The first thing that should come into our minds is whether there are too many open PBIs. If yes, the team should focus on closing some of them before starting to work on new ones. It could also show that the team is getting dragged into long conversations, which could be kept shorter. Finally, maybe the team needs this extra time. Personally, I wouldn't mind a slightly longer daily scrum so long as the conversation is fruitful and meaningful.
People feel left out
Also, people whose work is not directly visible on the board (e.g. designers and product owners) could start to feel left out with this format. My advice would be to encourage them to contribute whenever needed in the conversation and to use the time at the end of the session to share their input if it wasn't already shared.
Own the process
Having shared this technique, which I have successfully used, it is important to understand that every team is different. Just because it worked for a team it doesn't mean that it will also work for another one. Dogmatically applying a solution that worked for another team and expecting results goes against the very nature of the agile mindset.
I would not advise against applying this format, but rather use it as a starting point. Call it an experiment and remember to evaluate this experiment. Then tweak it and run another experiment. Evaluate this one too. Then tweak it again. Chances are that the result that works for your team is different than the one I described. Maybe slightly different, maybe radically different. The point is to understand that the process is here to serve us and not the other way around. If it is not working, then change it to something that works. Make it your own.
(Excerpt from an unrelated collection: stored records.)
section \<open>The words x^c_1 y ... x^c_N y\<close>

definition xy_word :: "int list \<Rightarrow> letter list" where
  "xy_word cs = concat (map (\<lambda>c. gen_pow GX c @ [(GY, False)]) cs)"

lemma xy_word_simps [simp]:
  "xy_word [] = []"
  "xy_word (c # cs) = gen_pow GX c @ (GY, False) # xy_word cs"
  "xy_word (cs @ ds) = xy_word cs @ xy_word ds"
  by (simp_all add: xy_word_def)

definition y_exponent :: "letter \<Rightarrow> int" where
  "y_exponent l = (if fst l = GY then (if snd l then -1 else 1) else 0)"

lemma y_exponent_sum_freduce:
  "sum_list (map y_exponent (freduce w)) = sum_list (map y_exponent w)"
proof (induction w)
  case Nil
  then show ?case by simp
next
  case (Cons l w)
  note IH = Cons.IH
  show ?case
  proof (cases "freduce w")
    case Nil
    with IH show ?thesis by simp
  next
    case (Cons m r)
    show ?thesis
    proof (cases "m = inv_letter l")
      case True
      then have "y_exponent m = - y_exponent l" by (simp add: y_exponent_def inv_letter_def)
      with IH Cons True show ?thesis by simp
    next
      case False
      with IH Cons show ?thesis by simp
    qed
  qed
qed

lemma y_exponent_sum_xy_word: "sum_list (map y_exponent (xy_word cs)) = int (length cs)"
  by (induction cs) (simp_all add: gen_pow_def y_exponent_def sum_list_replicate)

lemma xy_word_nontrivial: "cs \<noteq> [] \<Longrightarrow> \<not> free_eq (xy_word cs) []"
  using y_exponent_sum_freduce[of "xy_word cs"] y_exponent_sum_xy_word[of cs]
  by (auto simp: free_eq_def)

definition x_exponents :: "(nat \<Rightarrow> int) \<Rightarrow> (nat \<Rightarrow> int) \<Rightarrow> nat \<Rightarrow> int list" where
  "x_exponents a b k = concat (map (\<lambda>i. a i # replicate (nat (b i) - 1) 0) [0..<k])"

lemma word_w_eq_xy_word:
  assumes "\<forall>i<k. b i > 0"
  shows "word_w a b k = xy_word (x_exponents a b k)"
proof -
  have block: "xy_word (a i # replicate (nat (b i) - 1) 0) = gen_pow GX (a i) @ gen_pow GY (b i)"
    if "i < k" for i
  proof -
    have "b i > 0" using assms that by blast
    then obtain n where n: "nat (b i) = Suc n" by (metis gr0_implies_Suc zero_less_nat_eq)
    have "xy_word (replicate m 0) = replicate m (GY, False)" for m
      by (induction m) (simp_all add: gen_pow_def)
    then show ?thesis using n \<open>b i > 0\<close> by (simp add: gen_pow_def)
  qed
  have "xy_word (concat xss) = concat (map xy_word xss)" for xss
    by (induction xss) simp_all
  then have "xy_word (x_exponents a b k)
      = concat (map (\<lambda>i. xy_word (a i # replicate (nat (b i) - 1) 0)) [0..<k])"
    by (simp add: x_exponents_def comp_def)
  also have "\<dots> = word_w a b k"
    unfolding word_w_def using block by (intro arg_cong[where f=concat] map_cong) auto
  finally show ?thesis by simp
qed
The daily scrum is a pivotal event that can make all the difference between a successful and a failed sprint. Often, it gets executed in a formalistic way, which offers no real value. There are a number of symptoms that can help us identify a dysfunctional daily scrum session, such as lack of planning for the next 24 hours, jammed swimlanes and people not engaging in conversation during the session.
A different way to run the session can prove beneficial. I have successfully used what I call the "per-PBI" format to run daily scrums and I feel that it offers a series of advantages, such as reduced lead time and improved team cohesion. Along with it come some downsides, such as certain roles feeling left out and increased duration of the session.
No matter if we choose the "per-PBI" format or not, the responsibility of identifying the dysfunction and taking action to improve the situation lies with us, the software engineering team. So, I would strongly advise experimenting with different formats and tweaking the process until it serves the team.